TASK TO COMPLETE:
Please return, with no alterations, the lines below from the very first through the one that contains "(spine (left_comb (0".

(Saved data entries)
=== Section Start ===

lemma witness_tree_reduces:
  assumes "0 \<in> S" "Suc q \<in> S"
  shows "(rra_step S)\<^sup>*\<^sup>* (witness_tree q d X) (spine (left_comb d # replicate q Leaf @ [X]))"
proof -
  have "rra_step S (witness_tree q d X) (spine ([] @ left_comb q # right_comb d X # []))"
    using rra_step_split[of "[]" S "left_comb q" "right_comb d X" "[]"] assms(1)
    by (simp add: witness_tree_def spine_def)
  also have "(rra_step S)\<^sup>*\<^sup>* \<dots> (spine ([] @ replicate (Suc q) Leaf @ [right_comb d X]))"
    by (rule unfold_left_comb) (simp add: assms(1))
  also have "\<dots> = spine (left_comb 0 # replicate q Leaf @ right_comb d X # [])"
    by simp
  also have "(rra_step S)\<^sup>*\<^sup>* \<dots> (spine (left_comb (0 + d) # replicate q Leaf @ X # []))"
    by (rule absorb_right_comb[OF assms])
  finally show ?thesis
    by simp
qed

lemma witness_trees_connected:
  assumes "0 \<in> S" "Suc q \<in> S"
  shows "(rra_step S)\<^sup>*\<^sup>* (witness_tree q d (left_comb 2)) (witness_tree q d (right_comb 2 Leaf))"
proof -
  have "(rra_step S)\<^sup>*\<^sup>* (witness_tree q d (left_comb 2))
      (spine ((left_comb d # replicate q Leaf) @ [left_comb 2]))"
    using witness_tree_reduces[OF assms] by simp
  also have "(rra_step S)\<^sup>*\<^sup>* \<dots> (spine ((left_comb d # replicate q Leaf) @ replicate (Suc 2) Leaf @ []))"
    by (rule unfold_left_comb) (simp add: assms(2))
  also have "\<dots> = spine (left_comb d # replicate 2 Leaf @ replicate (Suc q) Leaf)"
    by (simp add: numeral_2_eq_2 replicate_app_Cons_same)
  also have "(rra_step S)\<^sup>*\<^sup>* \<dots> (spine (left_comb (d + 2) # replicate (Suc q) Leaf))"
    by (rule merge_leaves[OF assms(1)])
  also have "\<dots> = spine (left_comb (d + 2) # replicate q Leaf @ [Leaf])"
    by (simp add: replicate_append_same)
  also have "(rra_step S)\<^sup>*\<^sup>* \<dots> (witness_tree q (d + 2) Leaf)"
    using witness_tree_reduces[OF assms] by (meson sympD symp_rra_step symp_rtranclp)
  finally show ?thesis
    by (simp add: witness_tree_def right_comb_add)
qed

section \<open>Labels\<close>

type_synonym label = "int \<times> bool"

definition shift_labels :: "int \<Rightarrow> label list \<Rightarrow> label list" where
  "shift_labels c = map (\<lambda>(v, b). (v + c, b))"

lemma shift_labels_simps [simp]:
  "shift_labels c [] = []"
  "shift_labels c ((v, b) # xs) = (v + c, b) # shift_labels c xs"
  "shift_labels c (xs @ ys) = shift_labels c xs @ shift_labels c ys"
  "shift_labels c (shift_labels c' xs) = shift_labels (c' + c) xs"
  "length (shift_labels c xs) = length xs"
  by (induction xs) (auto simp: shift_labels_def)

lemma nth_shift_labels:
  "i < length xs \<Longrightarrow> shift_labels c xs ! i = (fst (xs ! i) + c, snd (xs ! i))"
  by (simp add: shift_labels_def split: prod.splits)

fun subtree_labels :: "bintree \<Rightarrow> label list" where
  "subtree_labels Leaf = []"
| "subtree_labels (Node l r) =
     shift_labels 1 (subtree_labels l) @ [(0, r = Leaf)] @ shift_labels 2 (subtree_labels r)"

fun arm_labels :: "(nat \<Rightarrow> int) \<Rightarrow> (nat \<Rightarrow> int) \<Rightarrow> nat \<Rightarrow> bintree \<Rightarrow> label list"
  where
  "arm_labels g h j Leaf = []"
| "arm_labels g h j (Node l r) =
     shift_labels (g j + 1) (subtree_labels l) @ [(h j, r = Leaf)] @ arm_labels g h (Suc j) r"

lemma length_subtree_labels [simp]: "length (subtree_labels t) = nodes t"
  by (induction t) auto

lemma length_arm_labels [simp]: "length (arm_labels g h j t) = nodes t"
  by (induction t arbitrary: j) auto

text \<open>How the labels may change under one right rotation at an allowed level.\<close>

definition label_step ::
    "nat set \<Rightarrow> (nat \<Rightarrow> int) \<Rightarrow> (nat \<Rightarrow> int) \<Rightarrow> label list \<Rightarrow> label list \<Rightarrow> bool"
  where
  "label_step S g h xs ys \<longleftrightarrow> length xs = length ys \<and>
    (\<forall>i<length xs. \<bar>fst (xs ! i) - fst (ys ! i)\<bar> \<le> 1 \<and>
      (snd (ys ! i) \<longrightarrow> snd (xs ! i)) \<and>
      (snd (xs ! i) \<and> \<not> snd (ys ! i) \<longrightarrow>
        (\<exists>K\<in>S. fst (xs ! i) = g K + 1 \<and> Suc i < length xs \<and> fst (ys ! Suc i) = h (Suc K))))"

lemma all_less_length_append:
  "(\<forall>i<length (xs @ ys). P i) \<longleftrightarrow>
    (\<forall>i<length xs. P i) \<and> (\<forall>j<length ys. P (length xs + j))"
  by (auto, metis add_diff_inverse_nat nat_add_left_cancel_less)

lemma label_step_append:
  assumes "label_step S g h xs ys" and "label_step S g h xs' ys'"
  shows "label_step S g h (xs @ xs') (ys @ ys')"
proof -
  have "length xs = length ys"
    using assms(1) by (simp add: label_step_def)
  then show ?thesis
    using assms unfolding label_step_def all_less_length_append by (auto simp: nth_append) (meson Suc_lessD)
qed

lemma label_step_refl: "label_step S g h xs xs"
  by (simp add: label_step_def)

lemma label_step_shift_labels:
  "\<bar>a - b\<bar> \<le> 1 \<Longrightarrow> label_step S g h (shift_labels a xs) (shift_labels b xs)"
  by (auto simp: label_step_def nth_shift_labels)

lemma label_step_single: "\<bar>a - b\<bar> \<le> 1 \<Longrightarrow> label_step S g h [(a, f)] [(b, f)]"
  by (auto simp: label_step_def)

lemma label_step_lose_flag:
  assumes "K \<in> S" "\<bar>g K + 1 - h K\<bar> \<le> 1" "\<bar>h K - h (Suc K)\<bar> \<le> 1"
  shows "label_step S g h [(g K + 1, True), (h K, f)] [(h K, False), (h (Suc K), f)]"
  using assms unfolding label_step_def by (auto simp: less_Suc_eq)

locale label_potential =
  fixes S :: "nat set" and g h :: "nat \<Rightarrow> int"
  assumes g_step_allowed: "K \<in> S \<Longrightarrow> 1 \<le> g (Suc K) - g K \<and> g (Suc K) - g K \<le> 3"
    and g_lipschitz: "1 \<le> j \<Longrightarrow> \<bar>g (Suc j) - g j\<bar> \<le> 1"
    and h_near_g_allowed: "K \<in> S \<Longrightarrow> \<bar>g K + 1 - h K\<bar> \<le> 1"
    and h_lipschitz: "\<bar>h j - h (Suc j)\<bar> \<le> 1"
begin

lemma label_step_arm_labels_Suc:
  "1 \<le> j \<Longrightarrow> label_step S g h (arm_labels g h j t) (arm_labels g h (Suc j) t)"
proof (induction t arbitrary: j)
  case Leaf
  then show ?case by (simp add: label_step_refl)
next
  case (Node l r)
  have "label_step S g h (shift_labels (g j + 1) (subtree_labels l))
      (shift_labels (g (Suc j) + 1) (subtree_labels l))"
    using g_lipschitz[OF Node.prems] by (intro label_step_shift_labels) simp
  moreover have "label_step S g h [(h j, r = Leaf)] [(h (Suc j), r = Leaf)]"
    using h_lipschitz[of j] by (intro label_step_single) simp
  moreover have "label_step S g h (arm_labels g h (Suc j) r) (arm_labels g h (Suc (Suc j)) r)"
    using Node.IH(2) by simp
  ultimately show ?case
    unfolding arm_labels.simps by (intro label_step_append)
qed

=== Section End ===

PROBLEM SOLUTION:
lemma witness_tree_reduces:
  assumes "0 \<in> S" "Suc q \<in> S"
  shows "(rra_step S)\<^sup>*\<^sup>* (witness_tree q d X) (spine (left_comb d # replicate q Leaf @ [X]))"
proof -
  have "rra_step S (witness_tree q d X) (spine ([] @ left_comb q # right_comb d X # []))"
    using rra_step_split[of "[]" S "left_comb q" "right_comb d X" "[]"] assms(1)
    by (simp add: witness_tree_def spine_def)
  also have "(rra_step S)\<^sup>*\<^sup>* \<dots> (spine ([] @ replicate (Suc q) Leaf @ [right_comb d X]))"
    by (rule unfold_left_comb) (simp add: assms(1))
  also have "\<dots> = spine (left_comb 0 # replicate q Leaf @ right_comb d X # [])"
    by simp
  also have "(rra_step S)\<^sup>*\<^sup>* \<dots> (spine (left_comb (0 + d) # replicate q Leaf @ X # []))"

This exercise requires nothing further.